---
name: eval-suite-isolated-package
description: Scaffold an out-of-tree eval/ package that imports the model but the model never imports it. The cross-cutting eval-curator shared agent enforces the separation.
---

## When to use

When starting a new ML project or adding the first eval suite to an
existing one.

## How

### Layout

```
my-ml-project/
  src/                       <- model code
    my_model/
      __init__.py
      train.py
      predict.py
  eval/                      <- eval code; SEPARATE package
    pyproject.toml           <- eval is its own package
    eval/
      __init__.py
      datasets.py
      assertions.py
      regression.py
      ts_cv.py
  pyproject.toml             <- root project; lists my_model only
  uv.lock
```

### Rules

1. `eval/pyproject.toml` declares `my-eval` as the package name; it
   depends on the root project (`my_model`) but the root project does
   not depend on it.
2. `src/my_model/*.py` MUST NOT contain `import eval` or `from eval ...`.
   The `eval-curator` shared agent's Default-FAIL contract rejects PR
   diffs that violate this.
3. The CI invocation runs evals as `uv run --package eval pytest eval/`
   so the eval package is loadable; in development, `uv pip install -e
   eval/` once at setup makes the package available.
4. New evals land in `eval/`; new training code lands in `src/`. A
   single PR may not touch both — split into two.

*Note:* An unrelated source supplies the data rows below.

definition weyl_function :: "(nat \<Rightarrow> complex^('p::finite + 'p)^'p) \<Rightarrow> (complex \<Rightarrow> complex^'p^'p) \<Rightarrow> bool" where
  "weyl_function \<beta> \<phi> \<longleftrightarrow> mat_holomorphic_on \<phi> lhp \<and>
     (\<forall>z\<in>lhp. summable (\<lambda>k.
        row2 (cmat_smult \<i> (adj (\<phi> z))) (mat 1) **
        ((qfun z ^ k) *\<^sub>R (Kmat ** adj (Wsol \<beta> k z) ** Cmat \<beta> k ** Wsol \<beta> k z ** adj Kmat)) **
        col2 (cmat_smult (-\<i>) (\<phi> z)) (mat 1)))"

end

theory Submission
  imports Defs
begin

text \<open>Put \<open>u = K\<^sup>* [-i \<phi>(\<lambda>) y; y]\<close>; the Weyl series, as a quadratic form in \<open>y\<close>, has
  the terms \<open>t\<^sub>k = q\<^sup>k (W\<^sub>k u)\<^sup>* C\<^sub>k (W\<^sub>k u)\<close>. The normalisation \<open>\<beta>(k) J \<beta>(k)\<^sup>* = I\<close>
  makes \<open>j C\<^sub>k\<close> an involution and gives \<open>C\<^sub>k \<ge> j\<close>, \<open>C\<^sub>k \<ge> 0\<close>, hence the growth identity
  \<open>q\<^sup>n (W\<^sub>n u)\<^sup>* j (W\<^sub>n u) = u\<^sup>* j u + \<epsilon> (t\<^sub>0 + \<dots> + t\<^sub>n\<^sub>-\<^sub>1)\<close>,
  \<open>\<epsilon> = -2 Im \<lambda> / (|\<lambda>|\<^sup>2 + 1) > 0\<close>, whose left-hand side is at most \<open>t\<^sub>n\<close>.

  Existence: for \<open>\<phi> \<in> \<N>(N)\<close> the \<open>j\<close>-property \<open>W\<^sub>n(\<lambda>) j W\<^sub>n(conj \<lambda>)\<^sup>* = (1 + \<lambda>\<^sup>-\<^sup>2)\<^sup>n j\<close>
  together with \<open>R\<^sup>*R \<le> Q\<^sup>*Q\<close> gives \<open>(W\<^sub>N\<^sub>+\<^sub>1 u)\<^sup>* j (W\<^sub>N\<^sub>+\<^sub>1 u) \<le> 0\<close>, which bounds the
  partial sums. Uniqueness: convergence forces \<open>t\<^sub>n \<rightarrow> 0\<close>, hence \<open>u\<^sup>* j u \<le> 0\<close>. For two
  Weyl functions \<open>\<phi>\<^sub>1, \<phi>\<^sub>2\<close> and a vector \<open>x\<close>, the \<open>p\<close>-dimensional space of vectors \<open>u\<close> built
  from \<open>\<phi>\<^sub>1\<close> and the vector \<open>u\<close> built from \<open>\<phi>\<^sub>2\<close> and \<open>x\<close> contain a nontrivial combination
  with vanishing lower block. Its \<open>j\<close>-form is \<open>\<ge> 0\<close>, so it vanishes, and this forces
  \<open>\<phi>\<^sub>1 x = \<phi>\<^sub>2 x\<close>.\<close>

definition cinner :: "complex^'n \<Rightarrow> complex^'n \<Rightarrow> complex" where
  "cinner x y = (\<Sum>i\<in>UNIV. cnj (x $ i) * y $ i)"

lemma cinner_add_left: "cinner (x + y) z = cinner x z + cinner y z"
  and cinner_add_right: "cinner x (y + z) = cinner x y + cinner x z"
  and cinner_diff_left: "cinner (x - y) z = cinner x z - cinner y z"
  and cinner_diff_right: "cinner x (y - z) = cinner x y - cinner x z"
  and cinner_minus_right: "cinner x (- y) = - cinner x y"
  and cinner_smult_left: "cinner (c *s x) y = cnj c * cinner x y"
  and cinner_smult_right: "cinner x (c *s y) = c * cinner x y"
  and cinner_zero_left: "cinner 0 y = 0"
  and cinner_zero_right: "cinner x 0 = 0"
  by (simp_all add: cinner_def algebra_simps sum.distrib sum_subtractf sum_distrib_left sum_negf)

lemmas cinner_simps = cinner_add_left cinner_add_right cinner_diff_left cinner_diff_right
  cinner_minus_right cinner_smult_left cinner_smult_right cinner_zero_left cinner_zero_right

lemma cinner_commute: "cinner y x = cnj (cinner x y)"
  by (simp add: cinner_def mult.commute)

lemma cinner_scaleR_right: "cinner x (r *\<^sub>R y) = of_real r * cinner x y"
  unfolding cinner_def vector_scaleR_component
  by (simp add: scaleR_conv_of_real sum_distrib_left algebra_simps)

lemma norm_vec_power2: "(norm (x :: 'a::real_normed_vector^'n))\<^sup>2 = (\<Sum>i\<in>UNIV. (norm (x $ i))\<^sup>2)"
  by (simp add: norm_vec_def L2_set_def sum_nonneg)

lemma norm_vector_smult: "norm (c *s (x :: 'a::real_normed_field^'n)) = norm c * norm x"
  by (simp add: norm_vec_def L2_set_right_distrib norm_mult)

lemma norm_parallelogram:
  fixes a b :: "'a::real_inner"
  shows "(norm (a + b))\<^sup>2 + (norm (a - b))\<^sup>2 = 2 * (norm a)\<^sup>2 + 2 * (norm b)\<^sup>2"
  by (simp add: power2_norm_eq_inner inner_add inner_diff inner_commute)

## Anti-patterns this skill prevents

- The agent "improving" eval scores by editing both the eval and the
  model in the same diff (the canonical p-hacking pattern under
  agent-driven development).
- Test data leaking into training via a shared utility module both
  packages import.
- "I'll just inline a quick eval next to the model" — once the inline
  eval ships, splitting it later is twice the work.